2009-05-30 21:45:43 | Weblog
カンティーノ世界地図(1502年)
「カンティーノ」とは、15世紀の大航海時代に、航海用の地図を盗むため、イタリアのフェラーラ公爵がポルトガルへ潜入させたスパイの名前だそうです。”アルベルト・カンティーノという名前だけで、謎の人物です。それがこんなに後世に残るとは・・・

彼は1502年にポルトガルからイタリアへ、最新の世界地図を持ち出すことに成功し、その地図に、彼の名を冠して”カンティーノ世界図”と通称されています。

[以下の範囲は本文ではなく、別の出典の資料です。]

lemma positive_op_form_eq_0_imp_eq_0:
  assumes P: "positive_op P" and form_zero: "Re (cinner (P y) y) = 0"
  shows "P y = 0"
proof -
  have lin: "cblinear P"
    using P by (rule positive_op_cblinear)
  define v where "v = P y"
  define a where "a = (norm v)\<^sup>2"
  define c where "c = Re (cinner (P v) v)"
  have "c \<ge> 0"
    using P by (simp add: positive_op_def c_def)
  \<comment> \<open>positivity of the form at \<open>y + t v\<close> gives \<open>0 \<le> 2 t a + t\<^sup>2 c\<close> for all real \<open>t\<close>, forcing \<open>a = 0\<close>\<close>
  have quadratic: "0 \<le> 2 * t * a + t\<^sup>2 * c" for t
  proof -
    have "cinner (P (y + t *\<^sub>R v)) (y + t *\<^sub>R v) =
        cinner (P y) y + t *\<^sub>R cinner (P y) v + t *\<^sub>R cinner (P v) y + (t * t) *\<^sub>R cinner (P v) v"
      by (simp add: cblinear_add[OF lin] cblinear_scaleR[OF lin] cinner_add_left cinner_add_right
          cinner_scaleR_left cinner_scaleR_right algebra_simps)
    moreover have "cinner (P v) y = cinner v v"
      using selfadjointD[OF positive_op_selfadjoint[OF P], of v y] by (simp add: v_def)
    moreover have "Re (cinner v v) = a"
      by (simp add: a_def power2_norm_eq_cinner)
    ultimately show ?thesis
      using positive_op_Re_nonneg[OF P, of "y + t *\<^sub>R v"] form_zero
      by (simp add: v_def c_def power2_eq_square algebra_simps)
  qed
  define t where "t = - a / (c + 1)"
  have "0 \<le> (c + 1)\<^sup>2 * (2 * t * a + t\<^sup>2 * c)"
    using quadratic[of t] by simp
  also have "\<dots> = 2 * a * (c + 1) * (t * (c + 1)) + (t * (c + 1))\<^sup>2 * c"
    by (simp add: power2_eq_square algebra_simps)
  also have "t * (c + 1) = - a"
    using \<open>c \<ge> 0\<close> by (simp add: t_def)
  finally have "a\<^sup>2 * (c + 2) \<le> 0"
    by (simp add: power2_eq_square algebra_simps)
  then have "a = 0"
    using \<open>c \<ge> 0\<close> by (simp add: mult_le_0_iff)
  then show ?thesis
    by (simp add: a_def v_def)
qed

text \<open>Defect spaces are defined through \<open>op_sqrt\<close>, a definite description, so identifying
  them requires both a positive square root of \<open>I - C\<close> (the binomial series \<open>\<Sum> c\<^sub>n C\<^sup>n\<close>)
  and its uniqueness.\<close>

locale selfadjoint_contraction =
  fixes C :: "'a::chilbert \<Rightarrow> 'a"
  assumes cblinear: "cblinear C"
    and selfadjoint: "selfadjoint C"
    and norm_le: "\<And>x. norm (C x) \<le> norm x"
begin

lemma powers_norm_le: "norm ((C ^^ n) x) \<le> norm x"
  by (induction n) (auto intro: order_trans[OF norm_le])

lemma powers_cblinear: "cblinear (C ^^ n)"
  by (rule cblinear_funpow[OF cblinear])

lemma powers_selfadjoint: "cinner ((C ^^ n) x) y = cinner x ((C ^^ n) y)"
proof (induction n arbitrary: x y)
  case 0
  then show ?case by simp
next
  case (Suc n)
  have "cinner ((C ^^ Suc n) x) y = cinner ((C ^^ n) x) (C y)"
    using selfadjointD[OF selfadjoint] by simp
  also have "\<dots> = cinner x ((C ^^ n) (C y))"
    by (rule Suc)
  finally show ?case
    by (simp add: funpow_swap1)
qed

この地図により、インド航路がハッキリし、アフリカの形もだいぶ正しくなりました。
そして、インド半島のほかに、マレー半島、スマトラ島も描かれています。

新大陸では、コロンブスの発見による西インド諸島のほか,ブラジルが記載され、「オウムの土地」と呼ばれ、3羽のオウムが描かれています。
しかしまだ、北アメリカは混沌としていますが。

この地図の左下隅には、「インディアスの諸地方で近年発見された島々への航海のための海図」と書かれているそうです。
当時の、インデアスとは、スペイン人が探索、征服、入植した地域で、現在の西インド諸島、南アメリカ、北アメリカの一部のほかフィリピン諸島も含んでいます。つまりは、スペインの王は19世紀に植民地が独立するまで、この名の下に植民地を広げてきたわけです。まさに、探検は富の根源であり、そのための航海図は貴重な秘密の“たからもの”だったのでしょう。トルデシーリアス条約など無視か?

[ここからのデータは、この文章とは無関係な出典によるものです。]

lemma shadow_relation_factorization:
  fixes \<delta> \<sigma> :: "nat \<Rightarrow> complex" and R :: "complex poly"
  assumes even: "\<And>i. odd i \<Longrightarrow> \<delta> i = 0"
    and shadow: "\<And>y. (\<Sum>i\<le>4*K+r. (-1)^(i div 2) * \<delta> i * ((1-y)^i * (1+y)^(4*K+r-i))) =
      c * (\<Sum>j\<le>4*K+r. \<sigma> j * y^j)"
    and factorization: "enum_poly (4*K+r) \<delta> = monom 1 K * [:-1,1:]^K * [:1,1:]^K * R"
    and deg_R: "degree R \<le> r"
  shows "smult c (enum_poly (4*K+r) \<sigma>) =
    smult ((-2*\<i>)^K) ([:1,0,0,0,-1:]^K * macwilliams_transform r (\<lambda>i. \<i>^i * coeff R i))"
    (is "_ = smult _ (?Z^K * ?X)")
proof (rule poly_eq_if_eq_except)
  fix t :: complex assume t: "t \<noteq> -1"
  have poly_\<Delta>: "poly (enum_poly (4*K+r) \<delta>) z = (z * (z - 1) * (z + 1))^K * poly R z" for z
  proof -
    have "poly [:-1,1:] z = z - 1" "poly [:1,1:] z = z + 1" by simp_all
    then show ?thesis
      unfolding factorization poly_mult poly_power poly_monom
      by (simp add: power_mult_distrib mult_ac add.commute[of 1 z])
  qed
  have twist: "(-1)^(i div 2) * \<delta> i = \<i>^i * \<delta> i" for i
    using even[of i] by (cases "even i") simp_all
  have "poly (smult c (enum_poly (4*K+r) \<sigma>)) t = poly (macwilliams_transform (4*K+r) (\<lambda>i. \<i>^i * \<delta> i)) t"
    using shadow[of t] by (simp add: poly_enum_poly poly_macwilliams_transform twist)
  also have "\<dots> = (1+t)^(4*K+r) * poly (enum_poly (4*K+r) \<delta>) (cayley t)"
    by (rule poly_macwilliams_transform_twisted[OF t])
  also have "\<dots> = ((1+t)^4 * (cayley t * (cayley t - 1) * (cayley t + 1)))^K * ((1+t)^r * poly R (cayley t))"
  proof -
    have "(1+t)^(4*K+r) = ((1+t)^4)^K * (1+t)^r" by (simp add: power_add power_mult)
    then show ?thesis unfolding poly_\<Delta> by (simp add: power_mult_distrib mult_ac)
  qed
  also have "\<dots> = (-2 * \<i> * (1 - t^4))^K * poly ?X t"
    using poly_macwilliams_transform_twisted[OF t, of r "coeff R"]
    unfolding enum_poly_coeff[OF deg_R] cayley_cubic[OF t] by simp
  also have "\<dots> = poly (smult ((-2*\<i>)^K) (?Z^K * ?X)) t"
    by (simp add: algebra_simps power4_eq_xxxx flip: power_mult_distrib)
  finally show "poly (smult c (enum_poly (4*K+r) \<sigma>)) t = poly (smult ((-2*\<i>)^K) (?Z^K * ?X)) t" .
qed

lemma degree_bound_quartic_power_multiple:
  fixes P X :: "complex poly"
  assumes eq: "smult c P = smult e ([:1,0,0,0,-1:]^K * X)" and "X \<noteq> 0" "c \<noteq> 0" "e \<noteq> 0"
    and "monom 1 k dvd P" "degree P \<le> d"
  shows "4*K + k \<le> d"
proof -
  define Z :: "complex poly" where "Z = [:1,0,0,0,-1:]"
  have ZX: "Z^K * X \<noteq> 0" using \<open>X \<noteq> 0\<close> by (simp add: Z_def)
  have "monom 1 k dvd smult e (Z^K * X)"
    unfolding Z_def eq[symmetric] using \<open>monom 1 k dvd P\<close> by (rule dvd_smult)
  then have "monom 1 k dvd Z^K * X" using \<open>e \<noteq> 0\<close> by (rule dvd_smult_cancel)
  then have "k \<le> order 0 (Z^K * X)" using monom_1_dvd_iff[OF ZX] by blast
  also have "\<dots> = order 0 X" using ZX by (simp add: order_mult order_0I Z_def)
  also have "\<dots> \<le> degree X" using \<open>X \<noteq> 0\<close> by (rule order_degree)
  finally have "k \<le> degree X" .
  moreover have "4*K + degree X = degree P"
    using arg_cong[OF eq, of degree] \<open>X \<noteq> 0\<close> \<open>c \<noteq> 0\<close> \<open>e \<noteq> 0\<close>
    by (simp add: degree_mult_eq degree_power_eq)
  ultimately show ?thesis using \<open>degree P \<le> d\<close> by linarith
qed

theorem weight_distribution_difference_eq_0:
  fixes \<delta> \<sigma> :: "nat \<Rightarrow> complex" and c :: complex
  assumes size: "n < 4*K + 2*k"
    and even: "\<And>i. odd i \<Longrightarrow> \<delta> i = 0"
    and vanish: "\<And>i. i < K \<or> n - K < i \<Longrightarrow> \<delta> i = 0"
    and shadow_vanish: "\<And>j. j < k \<or> n - k < j \<Longrightarrow> \<sigma> j = 0"
    and macwilliams: "\<And>y. (\<Sum>i\<le>n. \<delta> i * ((1-y)^i * (1+y)^(n-i))) = c * (\<Sum>i\<le>n. \<delta> i * y^i)"
    and shadow: "\<And>y. (\<Sum>i\<le>n. (-1)^(i div 2) * \<delta> i * ((1-y)^i * (1+y)^(n-i))) =
      c * (\<Sum>j\<le>n. \<sigma> j * y^j)"
    and "c \<noteq> 0"
  shows "\<delta> i = 0"
proof (rule ccontr)
  assume "\<delta> i \<noteq> 0"
  define \<Delta> where "\<Delta> = enum_poly n \<delta>"
  have "i \<le> n"
  proof (rule ccontr)
    assume "\<not> i \<le> n"
    then have "n - K < i" by arith
    then show False using vanish \<open>\<delta> i \<noteq> 0\<close> by blast
  qed
  then have "\<Delta> \<noteq> 0"
    using \<open>\<delta> i \<noteq> 0\<close> coeff_enum_poly[of n \<delta> i] by (auto simp: \<Delta>_def)
  have "macwilliams_transform n \<delta> = smult c \<Delta>"
    using macwilliams
    by (simp add: \<Delta>_def poly_eq_poly_eq_iff[symmetric] fun_eq_iff poly_macwilliams_transform poly_enum_poly)
  then obtain R where \<Delta>_eq: "\<Delta> = monom 1 K * [:-1,1:]^K * [:1,1:]^K * R"
    using enum_poly_factorization vanish \<open>c \<noteq> 0\<close> unfolding \<Delta>_def by blast
  with \<open>\<Delta> \<noteq> 0\<close> have "R \<noteq> 0" by auto
  have "3*K + degree R = degree \<Delta>"
    using \<open>\<Delta> \<noteq> 0\<close> unfolding \<Delta>_eq by (simp add: degree_mult_eq degree_power_eq degree_monom_eq)
  also have "\<dots> \<le> n - K"
    unfolding \<Delta>_def by (rule degree_le) (use vanish in \<open>auto simp: coeff_enum_poly\<close>)
  finally have "3*K + degree R \<le> n - K" .
  then have "n = 4*K + (n - 4*K)" "degree R \<le> n - 4*K" by arith+
  then obtain r where n_eq: "n = 4*K + r" and deg_R: "degree R \<le> r" by blast
  define X where "X = macwilliams_transform r (\<lambda>i. \<i>^i * coeff R i)"
  have "X \<noteq> 0" unfolding X_def using \<open>R \<noteq> 0\<close> deg_R by (rule macwilliams_transform_twisted_ne_0)
  have shadow_eq: "smult c (enum_poly n \<sigma>) = smult ((-2*\<i>)^K) ([:1,0,0,0,-1:]^K * X)"
    unfolding X_def n_eq
    by (rule shadow_relation_factorization[OF even shadow[unfolded n_eq] \<Delta>_eq[unfolded \<Delta>_def n_eq] deg_R])
  have "monom 1 k dvd enum_poly n \<sigma>"
    unfolding monom_1_dvd_iff' using shadow_vanish by (simp add: coeff_enum_poly)
  moreover have "degree (enum_poly n \<sigma>) \<le> n - k"
    by (rule degree_le) (use shadow_vanish in \<open>auto simp: coeff_enum_poly\<close>)
  ultimately have "4*K + k \<le> n - k"
    using degree_bound_quartic_power_multiple[OF shadow_eq \<open>X \<noteq> 0\<close> \<open>c \<noteq> 0\<close>] by simp
  then show False using size by arith
qed

theorem mainTheorem2:
  fixes m :: nat and C D :: "nat set set"
  defines "n \<equiv> 24 * m + 4"
  assumes "singly_even n C" and "is_nkd_code n (12 * m + 2) (4 * m + 2) C"
    and "minimal_shadow n C"
    and "singly_even n D" and "is_nkd_code n (12 * m + 2) (4 * m + 2) D"
    and "minimal_shadow n D"
  shows "weight_enum C = weight_enum D"
proof -
  interpret C: extremal_code m C using assms(2-4) unfolding n_def by unfold_locales
  interpret D: extremal_code m D using assms(5-7) unfolding n_def by unfold_locales
  define \<delta> :: "nat \<Rightarrow> complex"
    where "\<delta> i = of_nat (weight_enum C i) - of_nat (weight_enum D i)" for i
  define \<sigma> :: "nat \<Rightarrow> complex"
    where "\<sigma> j = of_nat (weight_enum (shadow n C) j) - of_nat (weight_enum (shadow n D) j)" for j
  have "\<delta> i = 0" for i
  proof (rule weight_distribution_difference_eq_0[where K = "4*m+2" and k = "4*m" and c = "2^(12*m+2)"])
    show "n < 4 * (4*m+2) + 2 * (4*m)" unfolding n_def by simp
    show "\<delta> i = 0" if "odd i" for i
      using that by (simp add: \<delta>_def C.weight_enum_eq_0_if_odd D.weight_enum_eq_0_if_odd)
    show "\<delta> i = 0" if "i < 4*m+2 \<or> n - (4*m+2) < i" for i
    proof -
      have "i < 4*m+2 \<or> 20*m+2 < i" using that unfolding n_def by arith
      then show ?thesis by (simp add: \<delta>_def C.weight_enum_outside D.weight_enum_outside)
    qed
    show "\<sigma> j = 0" if "j < 4*m \<or> n - 4*m < j" for j
    proof -
      have "j < 4*m \<or> 20*m+4 < j" using that unfolding n_def by arith
      then show ?thesis
        by (simp add: \<sigma>_def n_def C.weight_enum_shadow_outside D.weight_enum_shadow_outside)
    qed
    show "(\<Sum>i\<le>n. \<delta> i * ((1-y)^i * (1+y)^(n-i))) = 2^(12*m+2) * (\<Sum>i\<le>n. \<delta> i * y^i)" for y
      using C.weight_enum_macwilliams[of y] D.weight_enum_macwilliams[of y]
      by (simp add: \<delta>_def n_def C.card_eq D.card_eq left_diff_distrib right_diff_distrib sum_subtractf)
    show "(\<Sum>i\<le>n. (-1)^(i div 2) * \<delta> i * ((1-y)^i * (1+y)^(n-i))) =
        2^(12*m+2) * (\<Sum>j\<le>n. \<sigma> j * y^j)" for y
      using C.weight_enum_shadow_transform[of y] D.weight_enum_shadow_transform[of y]
      by (simp add: \<delta>_def \<sigma>_def n_def C.card_eq D.card_eq
          left_diff_distrib right_diff_distrib sum_subtractf)
  qed simp
  then show ?thesis by (simp add: \<delta>_def fun_eq_iff)
qed

end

カンティーノによる盗写期間は、1502年9月中旬から10月中旬までの1ヶ月間と推定されています。秘密裏に描いたわけですから、大変苦労もしたのでしょう。そして、その年中にイタリイに持ち出されたそうです。

1755年にポルトガルのリスボンを襲った大地震と大火によって、ポルトガル王室秘匿の地図類はすべて灰燼に帰しましたが、皮肉にもこの盗写図だけはイタリアに現存していたのです。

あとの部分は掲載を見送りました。